1School of Mathematics, Fudan University, Shanghai 200433, China
2Department of Mathematics and Statistics, University of South Florida, Tampa, FL 33620-5700, USA

Received 18 November 2012; Revised 23 February 2013; Accepted 24 February 2013

Academic Editor: Cedric Yiu

Copyright © 2013 Yuan Zhou and Zhe Wu. This is an open access article distributed under the Creative Commons Attribution License, which permits unrestricted use, distribution, and reproduction in any medium, provided the original work is properly cited.

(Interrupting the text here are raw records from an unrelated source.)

(* Let an instance with $n$ agents $[n]=\{1,\dots,n\}$, $m$ indivisible items $[m]$ and binary additive valuations be given (notation as in the context). Then every stable allocation is optimal under $\mathsf{LexiMin}$, i.e. it minimizes $\mathsf{LexiMin}(\mathbf{p}(\chi))=\sum_{i=1}^n m^{\,m-h_i}$ over all clean max-USW allocations $\chi$. Consequently, the profiles of any two stable allocations are equal up to a permutation of the coordinates.
   Context: Each agent $i\in[n]$ has a set $L_i\subseteq[m]$ of liked items, and valuation $v_i(S)=|S\cap L_i|$ for $S\subseteq[m]$. An allocation $\chi=(\chi_1,\dots,\chi_n)$ is a tuple of pairwise disjoint subsets of $[m]$ (not necessarily covering $[m]$). It is clean if $\chi_i\subseteq L_i$ for all $i$, and max-USW if it maximizes $\sum_i v_i(\chi_i)$ among all allocations. Throughout, "allocation" means a clean max-USW allocation. The profile of $\chi$ is $\mathbf{p}(\chi)=(h_1,\dots,h_n)$ with $h_i=|\chi_i|$. Given $\chi$, form a directed graph on $[n]$ with an arc $(i,i')$, $i\neq i'$, whenever some item $o\in\chi_i$ satisfies $o\in L_{i'}$. $\chi$ admits a transfer $u\to v$ if there is a simple directed path from $u$ to $v$ with at least one arc in this graph (reallocating the items along the path makes $u$ lose one item and $v$ gain one). A transfer $u\to v$ is narrowing if $h_u\ge h_v+2$. $\chi$ is stable if it admits no narrowing transfer. $\mathsf{LexiMin}(h_1,\dots,h_n)=\sum_i m^{m-h_i}$; an allocation is optimal under a criterion $f$ if it minimizes $f(\mathbf{p}(\chi))$ over all clean max-USW allocations. *)

theory Defs
  imports Main
begin

text \<open>Agents are 1..n, items are 1..m. L i is the set of items liked by agent i.
An allocation is a function chi from agents to item bundles; only agents in 1..n matter.\<close>

definition is_alloc :: "nat \<Rightarrow> nat \<Rightarrow> (nat \<Rightarrow> nat set) \<Rightarrow> bool" where
  "is_alloc n m chi \<longleftrightarrow>
     (\<forall>i\<in>{1..n}. chi i \<subseteq> {1..m}) \<and>
     (\<forall>i\<in>{1..n}. \<forall>j\<in>{1..n}. i \<noteq> j \<longrightarrow> chi i \<inter> chi j = {})"

definition usw :: "nat \<Rightarrow> (nat \<Rightarrow> nat set) \<Rightarrow> (nat \<Rightarrow> nat set) \<Rightarrow> nat" where
  "usw n L chi = (\<Sum>i\<in>{1..n}. card (chi i \<inter> L i))"

definition is_clean :: "nat \<Rightarrow> (nat \<Rightarrow> nat set) \<Rightarrow> (nat \<Rightarrow> nat set) \<Rightarrow> bool" where
  "is_clean n L chi \<longleftrightarrow> (\<forall>i\<in>{1..n}. chi i \<subseteq> L i)"

definition is_max_usw :: "nat \<Rightarrow> nat \<Rightarrow> (nat \<Rightarrow> nat set) \<Rightarrow> (nat \<Rightarrow> nat set) \<Rightarrow> bool" where
  "is_max_usw n m L chi \<longleftrightarrow> is_alloc n m chi \<and>
     (\<forall>chi'. is_alloc n m chi' \<longrightarrow> usw n L chi' \<le> usw n L chi)"

text \<open>"Allocation" in the paper: a clean max-USW allocation.\<close>
definition valid_alloc :: "nat \<Rightarrow> nat \<Rightarrow> (nat \<Rightarrow> nat set) \<Rightarrow> (nat \<Rightarrow> nat set) \<Rightarrow> bool" where
  "valid_alloc n m L chi \<longleftrightarrow> is_clean n L chi \<and> is_max_usw n m L chi"

definition arc :: "nat \<Rightarrow> (nat \<Rightarrow> nat set) \<Rightarrow> (nat \<Rightarrow> nat set) \<Rightarrow> nat \<Rightarrow> nat \<Rightarrow> bool" where
  "arc n L chi i i' \<longleftrightarrow> i \<in> {1..n} \<and> i' \<in> {1..n} \<and> i \<noteq> i' \<and> (\<exists>it\<in>chi i. it \<in> L i')"

definition admits_transfer :: "nat \<Rightarrow> (nat \<Rightarrow> nat set) \<Rightarrow> (nat \<Rightarrow> nat set) \<Rightarrow> nat \<Rightarrow> nat \<Rightarrow> bool" where
  "admits_transfer n L chi u v \<longleftrightarrow>
     (\<exists>ps. length ps \<ge> 2 \<and> distinct ps \<and> hd ps = u \<and> last ps = v \<and>
        (\<forall>k. Suc k < length ps \<longrightarrow> arc n L chi (ps ! k) (ps ! Suc k)))"

definition is_stable :: "nat \<Rightarrow> (nat \<Rightarrow> nat set) \<Rightarrow> (nat \<Rightarrow> nat set) \<Rightarrow> bool" where
  "is_stable n L chi \<longleftrightarrow>
     \<not> (\<exists>u\<in>{1..n}. \<exists>v\<in>{1..n}. admits_transfer n L chi u v \<and> card (chi u) \<ge> card (chi v) + 2)"

definition LexiMin :: "nat \<Rightarrow> nat \<Rightarrow> (nat \<Rightarrow> nat) \<Rightarrow> nat" where
  "LexiMin n m h = (\<Sum>i\<in>{1..n}. m ^ (m - h i))"

definition profile :: "(nat \<Rightarrow> nat set) \<Rightarrow> nat \<Rightarrow> nat" where
  "profile chi i = card (chi i)"

definition optimal_LexiMin :: "nat \<Rightarrow> nat \<Rightarrow> (nat \<Rightarrow> nat set) \<Rightarrow> (nat \<Rightarrow> nat set) \<Rightarrow> bool" where
  "optimal_LexiMin n m L chi \<longleftrightarrow> valid_alloc n m L chi \<and>
     (\<forall>chi'. valid_alloc n m L chi' \<longrightarrow> LexiMin n m (profile chi) \<le> LexiMin n m (profile chi'))"

end

theory Submission
  imports Defs "HOL-Library.Transitive_Closure_Table" "HOL-Library.Disjoint_Sets"
begin

text \<open>
  Stability gives a certificate of optimality for every separable convex cost
  \<open>\<Sum>i. p (h i)\<close>, i.e. every \<open>p\<close> with nondecreasing increments.
  All clean max-USW allocations hand out the same items. Let \<open>r i\<close> be the largest
  bundle among the agents that can reach \<open>i\<close> in the transfer graph; stability gives
  \<open>h i \<le> r i \<le> h i + 1\<close>, so the slope \<open>g i\<close> of \<open>p\<close> on the unit segment ending at
  \<open>r i\<close> is a subgradient of \<open>p\<close> at \<open>h i\<close>, and \<open>g\<close> does not decrease along arcs. For another
  allocation \<open>h'\<close>, every item that moves goes from some \<open>j\<close> to an \<open>i\<close> with an arc
  \<open>j \<rightarrow> i\<close>, so \<open>\<Sum>i. g i * h i \<le> \<Sum>i. g i * h' i\<close>; adding the subgradient
  inequalities yields \<open>\<Sum>i. p (h i) \<le> \<Sum>i. p (h' i)\<close>.
  LexiMin is the cost \<open>p k = m ^ (m - k)\<close>. The threshold costs \<open>p k = max 0 (k + 1 - t)\<close>
  show that two stable allocations have the same number of agents with each bundle size.
\<close>

lemma supporting_line_nat:
  fixes p :: "nat \<Rightarrow> int"
  assumes below: "\<And>j. j < x \<Longrightarrow> p (Suc j) - p j \<le> c"
    and above: "\<And>j. x \<le> j \<Longrightarrow> c \<le> p (Suc j) - p j"
  shows "p x + c * (int y - int x) \<le> p y"
proof -
  define q where "q k = p k - c * int k" for k
  have "q x \<le> q y"
  proof (cases "x \<le> y")
    case True
    have "q (x + d) \<le> q (x + Suc d)" for d
      using above[of "x + d"] by (simp add: q_def algebra_simps)
    then have "q (x + 0) \<le> q (x + (y - x))" by (rule lift_Suc_mono_le) simp
    with True show ?thesis by simp
  next
    case False
    have "q (x - d) \<le> q (x - Suc d)" for d
    proof (cases "d < x")
      case True
      then have "x - d = Suc (x - Suc d)" by simp
      then show ?thesis using below[of "x - Suc d"] True by (simp add: q_def algebra_simps)
    qed simp
    then have "q (x - 0) \<le> q (x - (x - y))" by (rule lift_Suc_mono_le) simp
    with False show ?thesis by simp
  qed
  then show ?thesis by (simp add: q_def algebra_simps)
qed

lemma convex_supporting_slope:
  fixes p :: "nat \<Rightarrow> int"
  assumes "mono (\<lambda>k. p (Suc k) - p k)" and "x - 1 \<le> k" and "k \<le> x"
  shows "p x + (p (Suc k) - p k) * (int y - int x) \<le> p y"
proof (rule supporting_line_nat)
  fix j
  show "p (Suc j) - p j \<le> p (Suc k) - p k" if "j < x"
    using monoD[OF assms(1), of j k] that assms(2) by simp
  show "p (Suc k) - p k \<le> p (Suc j) - p j" if "x \<le> j"
    using monoD[OF assms(1), of k j] that assms(3) by simp
qed

lemma mono_increments_power_diff:
  fixes b e :: nat
  assumes "0 < b \<or> e = 0"
  shows "mono (\<lambda>k. int (b ^ (e - Suc k)) - int (b ^ (e - k)))"
proof (unfold mono_iff_le_Suc, intro allI)
  fix k
  show "int (b ^ (e - Suc k)) - int (b ^ (e - k))
      \<le> int (b ^ (e - Suc (Suc k))) - int (b ^ (e - Suc k))"
  proof (cases "Suc (Suc k) \<le> e")
    case True
    define a where "a = e - Suc (Suc k)"
    have "e - Suc (Suc k) = a" "e - Suc k = Suc a" "e - k = Suc (Suc a)"
      using True by (simp_all add: a_def)
    moreover have "0 \<le> int b ^ a * (int b - 1)\<^sup>2" by simp
    ultimately show ?thesis by (simp add: power2_eq_square algebra_simps)
  next
    case False
    then have "e \<le> k \<or> e = Suc k" by linarith
    then show ?thesis using assms by auto
  qed
qed

lemma card_level_set_threshold_sums:
  fixes h :: "'a \<Rightarrow> nat"
  assumes "finite A"
  shows "int (card {i\<in>A. h i = t}) =
    (\<Sum>i\<in>A. int (h i + 1 - t)) - 2 * (\<Sum>i\<in>A. int (h i + 1 - Suc t))
      + (\<Sum>i\<in>A. int (h i + 1 - Suc (Suc t)))"
proof -
  have "int (card {i\<in>A. h i = t}) = (\<Sum>i\<in>A. of_bool (h i = t))"
    using assms by (simp add: Collect_conj_eq Int_commute)
  also have "\<dots> = (\<Sum>i\<in>A. int (h i + 1 - t) - 2 * int (h i + 1 - Suc t)
      + int (h i + 1 - Suc (Suc t)))"
    by (intro sum.cong) auto
  finally show ?thesis by (simp add: sum.distrib sum_subtractf sum_distrib_left)
qed

lemma card_eq_sum_card_Int:
  assumes "finite I" and "\<And>i. i \<in> I \<Longrightarrow> finite (B i)"
    and "\<And>i j. i \<in> I \<Longrightarrow> j \<in> I \<Longrightarrow> i \<noteq> j \<Longrightarrow> B i \<inter> B j = {}"
    and "A \<subseteq> (\<Union>i\<in>I. B i)"
  shows "card A = (\<Sum>i\<in>I. card (A \<inter> B i))"
proof -
  have "A = (\<Union>i\<in>I. A \<inter> B i)" using assms(4) by blast
  then have "card A = card (\<Union>i\<in>I. A \<inter> B i)" by simp
  also have "\<dots> = (\<Sum>i\<in>I. card (A \<inter> B i))"
    using assms(1-3) by (intro card_UN_disjoint) auto
  finally show ?thesis .
qed

lemma bij_betw_matching_levels:
  assumes "finite A" and "\<And>t. card {i\<in>A. f i = t} = card {i\<in>A. g i = t}"
  obtains \<sigma> where "bij_betw \<sigma> A A" and "\<And>i. i \<in> A \<Longrightarrow> f i = g (\<sigma> i)"
proof -
  have "\<exists>b. bij_betw b {i\<in>A. f i = t} {i\<in>A. g i = t}" for t
    using assms by (intro finite_same_card_bij) auto
  then obtain \<beta> where \<beta>: "\<And>t. bij_betw (\<beta> t) {i\<in>A. f i = t} {i\<in>A. g i = t}"
    by metis
  define \<sigma> where "\<sigma> i = \<beta> (f i) i" for i
  have level: "bij_betw \<sigma> {i\<in>A. f i = t} {i\<in>A. g i = t}" for t
    using \<beta>[of t] by (rule bij_betw_cong[THEN iffD1, rotated]) (simp add: \<sigma>_def)
  have "bij_betw \<sigma> (\<Union>t. {i\<in>A. f i = t}) (\<Union>t. {i\<in>A. g i = t})"
    using level by (intro bij_betw_UNION_disjoint) (auto simp: disjoint_family_on_def)
  moreover have "(\<Union>t. {i\<in>A. f i = t}) = A" "(\<Union>t. {i\<in>A. g i = t}) = A" by auto
  moreover have "f i = g (\<sigma> i)" if "i \<in> A" for i
    using bij_betwE[OF level[of "f i"]] that by auto
  ultimately show ?thesis using that by simp
qed

lemma usw_fun_upd:
  assumes "j \<in> {1..n}"
  shows "usw n L (chi(j := X)) + card (chi j \<inter> L j) = usw n L chi + card (X \<inter> L j)"
proof -
  have remove: "usw n L c = card (c j \<inter> L j) + (\<Sum>i\<in>{1..n} - {j}. card (c i \<inter> L i))" for c
    unfolding usw_def by (rule sum.remove[OF finite_atLeastAtMost assms])
  have "(\<Sum>i\<in>{1..n} - {j}. card ((chi(j := X)) i \<inter> L i)) = (\<Sum>i\<in>{1..n} - {j}. card (chi i \<inter> L i))"
    by (rule sum.cong) auto
  then show ?thesis using remove[of "chi(j := X)"] remove[of chi] by simp
qed

lemma usw_clean_eq_card_allocated:
  assumes "is_alloc n m chi" and "is_clean n L chi"
  shows "usw n L chi = card (\<Union>i\<in>{1..n}. chi i)"
proof -
  have "usw n L chi = (\<Sum>i\<in>{1..n}. card (chi i))"
    using assms(2) unfolding usw_def is_clean_def by (auto intro!: sum.cong simp: Int_absorb2)
  also have "\<dots> = card (\<Union>i\<in>{1..n}. chi i)"
    using assms(1) unfolding is_alloc_def by (intro card_UN_disjoint[symmetric]) (auto intro: finite_subset)
  finally show ?thesis .
qed

lemma max_usw_allocates_liked_item:
  assumes max: "is_max_usw n m L chi" and j: "j \<in> {1..n}" and x: "x \<in> L j" "x \<in> {1..m}"
  shows "\<exists>i\<in>{1..n}. x \<in> chi i"
proof (rule ccontr)
  assume free: "\<not> (\<exists>i\<in>{1..n}. x \<in> chi i)"
  have alloc: "is_alloc n m chi" using max unfolding is_max_usw_def by blast
  have "is_alloc n m (chi(j := insert x (chi j)))"
    using alloc x free unfolding is_alloc_def by auto
  then have le: "usw n L (chi(j := insert x (chi j))) \<le> usw n L chi"
    using max unfolding is_max_usw_def by blast
  have "finite (chi j \<inter> L j)"
    using alloc j unfolding is_alloc_def by (meson finite_Int finite_atLeastAtMost finite_subset)
  moreover have "insert x (chi j) \<inter> L j = insert x (chi j \<inter> L j)" and "x \<notin> chi j"
    using x free j by auto
  ultimately have "card (insert x (chi j) \<inter> L j) = card (chi j \<inter> L j) + 1" by simp
  then show False using usw_fun_upd[OF j, of L chi "insert x (chi j)"] le by linarith
qed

We study the continuous-time mean-variance portfolio selection problem in the situation when investors must pay margin for short selling. The problem is essentially a nonlinear stochastic optimal control problem because the coefficients of positive and negative parts of control variables are different. We can not apply the results of stochastic linearquadratic (LQ) problem. Also the solution of corresponding Hamilton-Jacobi-Bellman (HJB) equation is not smooth. Li et al. (2002) studied the case when short selling is prohibited; therefore they only need to consider the positive part of control variables, whereas we need to handle both the positive part and the negative part of control variables. The main difficulty is that the positive part and the negative part are not independent. The previous results are not directly applicable. By decomposing the problem into several subproblems we figure out the solutions of HJB equation in two disjoint regions and then prove it is the viscosity solution of HJB equation. Finally we formulate solution of optimal portfolio and the efficient frontier. We also present two examples showing how different margin rates affect the optimal solutions and the efficient frontier.